TASK STATEMENT:
Each line in the listing below that contains "metis" should be returned.

SUPPLIED MATERIAL:
(* Consider online non-preemptive scheduling of jobs on $k\ge1$ identical machines, where each job $j$ has a release time $r_j$ and a processing time $p_j$ known at release, and the flow time of a job is its completion time minus its release time. Let FIFO be the algorithm that, whenever some machine is idle and some released job is not yet started, starts the released unstarted job with the earliest release time on an idle machine. Let $P$ be the maximum processing time of all jobs and $D\ge0$. If for any two time points $a\le b$ the total processing time of jobs released in $[a,b]$ is at most $k(b-a)+D$, then the maximum flow time achieved by FIFO is at most $\frac{D}{k}+\frac{2(k-1)P}{k}$. *)

theory Defs
  imports Main "HOL-Library.Library"
begin

text \<open>A non-preemptive schedule on k machines assigns each job a start time s j and a
machine m j (machines are 0,...,k-1); job j runs on m j during [s j, s j + p j).\<close>

definition valid_schedule ::
  "nat \<Rightarrow> 'j set \<Rightarrow> ('j \<Rightarrow> real) \<Rightarrow> ('j \<Rightarrow> real) \<Rightarrow> ('j \<Rightarrow> real) \<Rightarrow> ('j \<Rightarrow> nat) \<Rightarrow> bool" where
  "valid_schedule k J r p s m \<longleftrightarrow>
     (\<forall>j\<in>J. r j \<le> s j \<and> m j < k) \<and>
     (\<forall>j\<in>J. \<forall>j'\<in>J. j \<noteq> j' \<and> m j = m j' \<longrightarrow> s j + p j \<le> s j' \<or> s j' + p j' \<le> s j)"
(* Let $r_2$ be an admissible trajectory and $\tau,T,e=(e_1,e_2,e_3),u,z$ the fundamental fields on $G$. Then on $G$ $$\frac{\partial(\tau,T,e_1,e_2)}{\partial(t,x_1,x_2,x_3)}=z\,u^2\,e_3,$$ where $x_1,x_2,x_3$ are the coordinates of $r_1$. In particular this Jacobian is nonzero wherever $e_3\neq0$; analogous statements hold with $(e_1,e_2)$ replaced by any two of the three components of $e$.
   Context: Units with $c=1$. A function $r_2:\mathbb R\to\mathbb R^3$ is an admissible trajectory if it has continuous derivatives up to order 3, $|\dot r_2(t)|<1$ for all $t$, and for every $t_1$ one has $\sup_{u\le t_1}|\dot r_2(u)|<1$ and $\sup_{u\le t_1}|\ddot r_2(u)|<\infty$. The retarded time $\tau(r_1,t)$ is the unique $\tau\le t$ with $\tau=t-|r_1-r_2(\tau)|$; $T=t-\tau$; $G=\{(r_1,t):T(r_1,t)>0\}$; on $G$: $u=1/T$, $e=u(r_1-r_2(\tau))$, $v=\dot r_2\circ\tau$, $z=(1-\langle e,v\rangle)^{-1}$. *)

theory Defs
  imports "HOL-Analysis.Analysis"
begin

text \<open>Units with c = 1. Trajectories r2 : R -> R^3.\<close>

definition admissible :: "(real \<Rightarrow> real^3) \<Rightarrow> bool" where
  "admissible r2 \<longleftrightarrow>
     (\<exists>v a j.
        (\<forall>t. (r2 has_vector_derivative v t) (at t)) \<and>
        (\<forall>t. (v has_vector_derivative a t) (at t)) \<and>
        (\<forall>t. (a has_vector_derivative j t) (at t)) \<and>
        continuous_on UNIV j \<and>
        (\<forall>t. norm (v t) < 1) \<and>
        (\<forall>t1. (\<exists>M<1. \<forall>s\<le>t1. norm (v s) \<le> M)) \<and>
        (\<forall>t1. (\<exists>B. \<forall>s\<le>t1. norm (a s) \<le> B)))"

definition ret_time :: "(real \<Rightarrow> real^3) \<Rightarrow> real^3 \<Rightarrow> real \<Rightarrow> real" where
  "ret_time r2 r1 t = (THE \<tau>. \<tau> \<le> t \<and> \<tau> = t - norm (r1 - r2 \<tau>))"

definition retT :: "(real \<Rightarrow> real^3) \<Rightarrow> real^3 \<Rightarrow> real \<Rightarrow> real" where
  "retT r2 r1 t = t - ret_time r2 r1 t"

definition regionG :: "(real \<Rightarrow> real^3) \<Rightarrow> ((real^3) \<times> real) set" where
  "regionG r2 = {(r1, t). retT r2 r1 t > 0}"

definition field_u :: "(real \<Rightarrow> real^3) \<Rightarrow> real^3 \<Rightarrow> real \<Rightarrow> real" where
  "field_u r2 r1 t = 1 / retT r2 r1 t"

definition field_e :: "(real \<Rightarrow> real^3) \<Rightarrow> real^3 \<Rightarrow> real \<Rightarrow> real^3" where
  "field_e r2 r1 t = field_u r2 r1 t *\<^sub>R (r1 - r2 (ret_time r2 r1 t))"

definition field_v :: "(real \<Rightarrow> real^3) \<Rightarrow> real^3 \<Rightarrow> real \<Rightarrow> real^3" where
  "field_v r2 r1 t = vector_derivative r2 (at (ret_time r2 r1 t))"

definition field_z :: "(real \<Rightarrow> real^3) \<Rightarrow> real^3 \<Rightarrow> real \<Rightarrow> real" where
  "field_z r2 r1 t = 1 / (1 - field_e r2 r1 t \<bullet> field_v r2 r1 t)"

text \<open>Coordinates of a point of R^4, ordered (t, x1, x2, x3).\<close>
definition vec4 :: "real \<Rightarrow> real \<Rightarrow> real \<Rightarrow> real \<Rightarrow> real^4" where
  "vec4 a b c d = (\<chi> i. if i = 1 then a else if i = 2 then b else if i = 3 then c else d)"

definition space_part :: "real^4 \<Rightarrow> real^3" where
  "space_part p = (\<chi> i. if i = 1 then p$2 else if i = 2 then p$3 else p$4)"

definition time_part :: "real^4 \<Rightarrow> real" where
  "time_part p = p$1"

definition PhiMap :: "(real \<Rightarrow> real^3) \<Rightarrow> real^4 \<Rightarrow> real^4" where
  "PhiMap r2 p = (let r1 = space_part p; t = time_part p in
     vec4 (ret_time r2 r1 t) (retT r2 r1 t) (field_e r2 r1 t $ 1) (field_e r2 r1 t $ 2))"

end

theory Submission
  imports Defs
begin
(* Let $(X,x)$ be a pointed diffeological space and let $\mathcal{G}$ be a local generating category of $X$ at $x$. Then there is a natural epimorphism of vector spaces from $\operatorname{colim}(\mathcal{G} \hookrightarrow \mathcal{G}(X,x) \to \mathrm{Vect})$ to $T_x(X)$. Moreover, if $\mathcal{G}$ is a final subcategory of $\mathcal{G}(X,x)$, then this map is an isomorphism.
   Context: A diffeological space is a set $X$ together with, for every open subset $U$ of every $\mathbb{R}^n$, a set of functions $U\to X$ called plots, such that constant maps are plots, the composite of a plot with a smooth map $V\to U$ between open subsets of Euclidean spaces is a plot, and a function which is locally a plot (on an open cover) is a plot. Smooth maps are maps sending plots to plots. For a pointed diffeological space $(X,x)$, let $\mathcal{G}(X,x)$ be the category whose objects are the plots $p:U\to X$ with $U$ a connected open neighbourhood of $0$ in some $\mathbb{R}^n$ and $p(0)=x$, and whose morphisms from $p:U\to X$ to $q:V\to X$ are germs at $0$ of smooth maps $f:W\to V$ with $W$ an open neighbourhood of $0$ in $U$, $f(0)=0$ and $p|_W=q\circ f$. The functor $\mathcal{G}(X,x)\to \mathrm{Vect}$ (real vector spaces) sends $p:U\to X$ to $T_0(U)$ and $[f]$ to the differential $f_*:T_0(U)\to T_0(V)$; the internal tangent space $T_x(X)$ is the colimit of this functor. A local generating set of $X$ at $x$ is a subset $G$ of the objects of $\mathcal{G}(X,x)$ such that for every object $p$ there is some $q\in G$ and a morphism $p\to q$ in $\mathcal{G}(X,x)$; a local generating category of $X$ at $x$ is a subcategory of $\mathcal{G}(X,x)$ whose set of objects is a local generating set. A subcategory $\mathcal{G}$ is final if for every object $p$ of $\mathcal{G}(X,x)$ the comma category $p/\mathcal{G}$ is non-empty and connected. *)

theory Defs
  imports "HOL-Analysis.Analysis" "HOL-Library.Function_Algebras"
begin

instantiation "fun" :: (type, real_vector) real_vector
begin
definition scaleR_fun :: "real \<Rightarrow> ('a \<Rightarrow> 'b) \<Rightarrow> 'a \<Rightarrow> 'b"
  where "scaleR_fun c f = (\<lambda>x. c *\<^sub>R f x)"
instance
  by standard (simp_all add: scaleR_fun_def fun_eq_iff scaleR_add_right scaleR_add_left)
end

text \<open>The topology on nat => real is the product topology (Function_Topology),
  whose restriction to euclid n is the usual Euclidean topology.\<close>

type_synonym pt = "nat \<Rightarrow> real"

definition euclid :: "nat \<Rightarrow> pt set" where
  "euclid n = {v. \<forall>i\<ge>n. v i = 0}"

definition openR :: "nat \<Rightarrow> pt set \<Rightarrow> bool" where
  "openR n U \<longleftrightarrow> U \<subseteq> euclid n \<and> openin (top_of_set (euclid n)) U"

definition pd :: "nat \<Rightarrow> (pt \<Rightarrow> real) \<Rightarrow> pt \<Rightarrow> real" where
  "pd i g x = deriv (\<lambda>t. g (x(i := x i + t))) 0"

fun ipd :: "nat list \<Rightarrow> (pt \<Rightarrow> real) \<Rightarrow> pt \<Rightarrow> real" where
  "ipd [] g = g"
| "ipd (i # is) g = pd i (ipd is g)"

definition smooth_on :: "nat \<Rightarrow> pt set \<Rightarrow> (pt \<Rightarrow> real) \<Rightarrow> bool" where
  "smooth_on n U g \<longleftrightarrow>
     (\<forall>is. set is \<subseteq> {..<n} \<longrightarrow>
        continuous_on U (ipd is g) \<and>
        (\<forall>i<n. \<forall>u\<in>U. (\<lambda>t. ipd is g (u(i := u i + t))) differentiable (at 0)))"

definition smooth_map :: "nat \<Rightarrow> pt set \<Rightarrow> nat \<Rightarrow> pt set \<Rightarrow> (pt \<Rightarrow> pt) \<Rightarrow> bool" where
  "smooth_map n U m V f \<longleftrightarrow> f ` U \<subseteq> V \<and> (\<forall>j<m. smooth_on n U (\<lambda>u. f u j))"

definition diff0 :: "nat \<Rightarrow> nat \<Rightarrow> (pt \<Rightarrow> pt) \<Rightarrow> pt \<Rightarrow> pt" where
  "diff0 n m f v = (\<lambda>j. if j < m then (\<Sum>i<n. pd i (\<lambda>u. f u j) 0 * v i) else 0)"

text \<open>plot n U p: p restricted to U is a plot U -> X (U open in R^n).
  Functions are total in HOL, so only the values on U matter (extensionality).\<close>

definition diffeology :: "'a set \<Rightarrow> (nat \<Rightarrow> pt set \<Rightarrow> (pt \<Rightarrow> 'a) \<Rightarrow> bool) \<Rightarrow> bool" where
  "diffeology X plot \<longleftrightarrow>
     (\<forall>n U p. plot n U p \<longrightarrow> openR n U \<and> p ` U \<subseteq> X)
   \<and> (\<forall>n U p q. plot n U p \<and> (\<forall>u\<in>U. q u = p u) \<longrightarrow> plot n U q)
   \<and> (\<forall>n U x. openR n U \<and> x \<in> X \<longrightarrow> plot n U (\<lambda>_. x))
   \<and> (\<forall>n U p m V f. plot n U p \<and> openR m V \<and> smooth_map m V n U f \<longrightarrow> plot m V (p \<circ> f))
   \<and> (\<forall>n U p. openR n U \<and> p ` U \<subseteq> X \<and>
        (\<forall>u\<in>U. \<exists>W. openR n W \<and> u \<in> W \<and> W \<subseteq> U \<and> plot n W p) \<longrightarrow> plot n U p)"

type_synonym 'a gobj = "nat \<times> pt set \<times> (pt \<Rightarrow> 'a)"

definition Gobj :: "(nat \<Rightarrow> pt set \<Rightarrow> (pt \<Rightarrow> 'a) \<Rightarrow> bool) \<Rightarrow> 'a \<Rightarrow> 'a gobj set" where
  "Gobj plot x = {(n, U, p). openR n U \<and> connected U \<and> 0 \<in> U \<and> plot n U p \<and> p 0 = x}"

definition dimo :: "'a gobj \<Rightarrow> nat" where "dimo P = fst P"
definition domo :: "'a gobj \<Rightarrow> pt set" where "domo P = fst (snd P)"
definition plto :: "'a gobj \<Rightarrow> pt \<Rightarrow> 'a" where "plto P = snd (snd P)"
lemma gap_sublevel_away_from_1:
  assumes "q > 0" "e = 1 \<or> e = -1" "\<delta> > 0" "T \<ge> 0"
  obtains b where "b < 1"
    and "\<And>x y t. (x, y) \<in> ordered_pairs \<Longrightarrow> t \<in> {0..T} \<Longrightarrow> gap q \<kappa> e \<delta> (x, y) t \<le> 0 \<Longrightarrow> y \<le> b"
proof -
  define S where "S = {0..1::real} \<times> {0..T}"
  have "compact S" unfolding S_def by (intro compact_Times) auto
  then have "compact ((\<lambda>(x, t). u x t) ` S)"
    unfolding S_def by (intro compact_continuous_image continuous_on_strip)
  then obtain M where M: "\<forall>v\<in>(\<lambda>(x, t). u x t) ` S. norm v \<le> M"
    using compact_imp_bounded bounded_iff by metis
  have u_bound: "\<bar>u x t\<bar> \<le> M" if "x \<in> {0..1}" "t \<in> {0..T}" for x t
    using M that unfolding S_def by force
  have "uniformly_continuous_on S (\<lambda>(x, t). u x t)"
    unfolding S_def by (intro compact_uniformly_continuous continuous_on_strip compact_Times) auto
  then obtain \<eta> where "\<eta> > 0" and \<eta>: "\<forall>a\<in>S. \<forall>a'\<in>S. dist a' a < \<eta> \<longrightarrow>
      dist ((\<lambda>(x, t). u x t) a') ((\<lambda>(x, t). u x t) a) < \<delta>"
    using assms(3) unfolding uniformly_continuous_on_def by metis
  define B where "B = 2 * M * exp (\<bar>\<kappa>\<bar> * T)"
  have "B \<ge> 0" using u_bound[of 0 0] assms(4) by (simp add: B_def)
  then have "q * B + \<eta> powr (-q) > 0" using assms(1) \<open>\<eta> > 0\<close> by (simp add: add_nonneg_pos)
  then have "1 - (q * B + \<eta> powr (-q)) powr (-1 / q) < 1" by simp
  moreover have "y \<le> 1 - (q * B + \<eta> powr (-q)) powr (-1 / q)"
    if xy_pair: "(x, y) \<in> ordered_pairs" and t: "t \<in> {0..T}" and gap: "gap q \<kappa> e \<delta> (x, y) t \<le> 0"
    for x y t
  proof (rule Phi_bounded_imp_away_from_1)
    show xy: "0 \<le> x" "x \<le> y" "y < 1" using xy_pair by (auto simp: ordered_pairs_def)
    have "t \<ge> 0" using t by simp
    note oscillation = gap_nonpos_imp_oscillation[OF assms(1-3) xy_pair this gap]
    have "\<bar>u x t\<bar> \<le> M" "\<bar>u y t\<bar> \<le> M" using u_bound xy t by auto
    then have "exp (-\<kappa> * t) * Phi q x y \<le> 2 * M" using oscillation(2) by linarith
    then have "Phi q x y \<le> 2 * M * exp (\<kappa> * t)" by (simp add: exp_minus field_simps)
    also have "\<dots> \<le> B"
    proof -
      have "\<kappa> * t \<le> \<bar>\<kappa>\<bar> * T" using t by (intro mult_mono) auto
      then show ?thesis unfolding B_def using t u_bound[of 0 0] by (intro mult_left_mono) auto
    qed
    finally show "Phi q x y \<le> B" .
    show "\<eta> \<le> y - x"
    proof (rule ccontr)
      assume "\<not> \<eta> \<le> y - x"
      then have "dist (y, t) (x, t) < \<eta>" using xy by (simp add: dist_Pair_Pair dist_real_def)
      moreover have "(x, t) \<in> S" "(y, t) \<in> S" using xy t unfolding S_def by auto
      ultimately have "dist (u y t) (u x t) < \<delta>" using \<eta> by fastforce
      then show False using oscillation(1) by (simp add: dist_real_def)
    qed
  qed (use assms(1) \<open>\<eta> > 0\<close> in auto)
  ultimately show ?thesis using that by blast
qed

lemma compact_gap_sublevel:
  assumes "q > 0" "e = 1 \<or> e = -1" "\<delta> > 0" "T \<ge> 0"
  shows "compact {(p, t). p \<in> ordered_pairs \<and> t \<in> {0..T} \<and> gap q \<kappa> e \<delta> p t \<le> 0}"
proof -
  obtain b where "b < 1" and far: "\<And>x y t. (x, y) \<in> ordered_pairs \<Longrightarrow> t \<in> {0..T} \<Longrightarrow>
      gap q \<kappa> e \<delta> (x, y) t \<le> 0 \<Longrightarrow> y \<le> b"
    using gap_sublevel_away_from_1[OF assms] by blast
  define K where "K = (({0..b} \<times> {0..b}) \<inter> {p. fst p \<le> snd p}) \<times> {0..T}"
  have "compact K" unfolding K_def
    by (intro compact_Times compact_Int_closed closed_Collect_le continuous_intros) auto
  moreover have "continuous_on K (\<lambda>(p, t). gap q \<kappa> e \<delta> p t)"
  proof -
    have sub: "(\<lambda>z. (snd (fst z), snd z)) ` K \<subseteq> {0..1} \<times> {0..T}"
      "(\<lambda>z. (fst (fst z), snd z)) ` K \<subseteq> {0..1} \<times> {0..T}"
      using \<open>b < 1\<close> unfolding K_def by auto
    have "continuous_on K (\<lambda>z. exp (-\<kappa> * snd z) * Phi q (fst (fst z)) (snd (fst z))
        - e * ((\<lambda>(x, t). u x t) (snd (fst z), snd z) - (\<lambda>(x, t). u x t) (fst (fst z), snd z))
        + \<delta> * exp (snd z))"
      unfolding Phi_def using \<open>b < 1\<close> assms(1)
      by (intro continuous_intros continuous_on_powr continuous_on_compose2[OF continuous_on_strip _ sub(1)]
          continuous_on_compose2[OF continuous_on_strip _ sub(2)]) (auto simp: K_def)
    then show ?thesis by (simp add: gap_def case_prod_beta)
  qed
  ultimately have "compact {(p, t). (p, t) \<in> K \<and> gap q \<kappa> e \<delta> p t \<le> 0}"
    by (rule compact_sublevel)
  moreover have "{(p, t). (p, t) \<in> K \<and> gap q \<kappa> e \<delta> p t \<le> 0}
      = {(p, t). p \<in> ordered_pairs \<and> t \<in> {0..T} \<and> gap q \<kappa> e \<delta> p t \<le> 0}"
  proof safe
    fix x y t
    assume "(x, y) \<in> ordered_pairs" "t \<in> {0..T}" "gap q \<kappa> e \<delta> (x, y) t \<le> 0"
    then show "((x, y), t) \<in> K" using far[of x y t] unfolding K_def ordered_pairs_def by auto
  qed (use \<open>b < 1\<close> in \<open>auto simp: K_def ordered_pairs_def\<close>)
  ultimately show ?thesis by simp
qed

lemma gap_no_first_contact:
  assumes q: "0 < q" "q < 1" and \<kappa>: "\<kappa> = \<sigma> * q - \<rho> * ((1 - \<gamma>) powr (-q) - 1)"
    and "e = 1 \<or> e = -1" "\<delta> > 0" "(x, y) \<in> ordered_pairs" "s > 0"
    and contact: "\<forall>p\<in>ordered_pairs. gap q \<kappa> e \<delta> p s \<ge> 0" "gap q \<kappa> e \<delta> (x, y) s = 0"
      "\<forall>r\<in>{0..<s}. gap q \<kappa> e \<delta> (x, y) r > 0"
  shows False
proof -
  have xy: "0 \<le> x" "x \<le> y" "y < 1" using assms(6) by (auto simp: ordered_pairs_def)
  then have unit: "x \<in> {0..1}" "y \<in> {0..1}" by auto
  have "x < y"
  proof (rule ccontr)
    assume "\<not> x < y"
    then have "x = y" using xy by simp
    then show False using contact(2) \<open>\<delta> > 0\<close> by (simp add: gap_eq Phi_def)
  qed
  define E where "E = exp (-\<kappa> * s)"
  define zt where "zt = - \<kappa> * E * Phi q x y - e * (ut y s - ut x s) + \<delta> * exp s"
  define zx where "zx = E * - ((1 - x) powr (-q - 1)) + e * ux x s"
  define zy where "zy = E * (1 - y) powr (-q - 1) - e * ux y s"
  define j where "j = (jump \<gamma> x, jump \<gamma> y)"
  have contact_ineq: "zt + \<sigma> * x * (1 - x) * zx + \<sigma> * y * (1 - y) * zy
      - \<rho> * (gap q \<kappa> e \<delta> j s - gap q \<kappa> e \<delta> (x, y) s) \<le> 0"
  proof (rule first_contact_operator_nonpos_pairs[OF assms(6) \<open>x < y\<close> \<open>s > 0\<close> contact])
    show "((\<lambda>s. gap q \<kappa> e \<delta> (x, y) s) has_real_derivative zt) (at s)"
      unfolding zt_def E_def using gap_deriv_t[OF unit \<open>s > 0\<close>] .
    show "((\<lambda>x'. gap q \<kappa> e \<delta> (x', y) s) has_real_derivative zx) (at x within {0..1})"
      unfolding gap_eq zx_def E_def using xy q
      by (auto intro!: derivative_eq_intros Phi_deriv_left deriv_x[OF unit(1) \<open>s > 0\<close>])
    show "((\<lambda>y'. gap q \<kappa> e \<delta> (x, y') s) has_real_derivative zy) (at y within {0..1})"
      unfolding gap_eq zy_def E_def using xy q
      by (auto intro!: derivative_eq_intros Phi_deriv_right deriv_x[OF unit(2) \<open>s > 0\<close>])
    show "j \<in> ordered_pairs"
      unfolding j_def using jump_size assms(6) by (intro jump_ordered_pairs) auto
  qed (rule rate_nonneg)
  have gap_diff: "gap q \<kappa> e \<delta> j s - gap q \<kappa> e \<delta> (x, y) s
      = E * ((1 - \<gamma>) powr (-q) - 1) * Phi q x y
        - e * ((u (jump \<gamma> y) s - u (jump \<gamma> x) s) - (u y s - u x s))"
    using Phi_jump[of x y \<gamma>] xy jump_size by (simp add: j_def gap_eq E_def algebra_simps)
  have zt_eq: "zt = - (\<sigma> * q - \<rho> * ((1 - \<gamma>) powr (-q) - 1)) * E * Phi q x y
      - e * (ut y s - ut x s) + \<delta> * exp s"
    by (simp add: zt_def \<kappa>)
  have "zt + \<sigma> * x * (1 - x) * zx + \<sigma> * y * (1 - y) * zy
      - \<rho> * (gap q \<kappa> e \<delta> j s - gap q \<kappa> e \<delta> (x, y) s) = E * (\<sigma> * x * (1 - x) * - ((1 - x) powr (-q - 1))
        + \<sigma> * y * (1 - y) * (1 - y) powr (-q - 1) - \<sigma> * q * Phi q x y)
      + e * (ut x s + \<sigma> * x * (1 - x) * ux x s - \<rho> * (u (jump \<gamma> x) s - u x s))
      - e * (ut y s + \<sigma> * y * (1 - y) * ux y s - \<rho> * (u (jump \<gamma> y) s - u y s))
      + \<delta> * exp s"
    unfolding gap_diff zt_eq zx_def zy_def by (simp add: algebra_simps)
  moreover have "E * (\<sigma> * x * (1 - x) * - ((1 - x) powr (-q - 1))
      + \<sigma> * y * (1 - y) * (1 - y) powr (-q - 1) - \<sigma> * q * Phi q x y) \<ge> 0"
    using Phi_drift[OF xy q(1) _ speed_nonneg] q(2) by (simp add: E_def)
  moreover have "\<delta> * exp s > 0" using \<open>\<delta> > 0\<close> by simp
  ultimately show False
    using contact_ineq pde[OF unit(1) \<open>s > 0\<close>] pde[OF unit(2) \<open>s > 0\<close>] by simp
qed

WRITTEN REPLY:
    using compact_imp_bounded bounded_iff by metis
    using assms(3) unfolding uniformly_continuous_on_def by metis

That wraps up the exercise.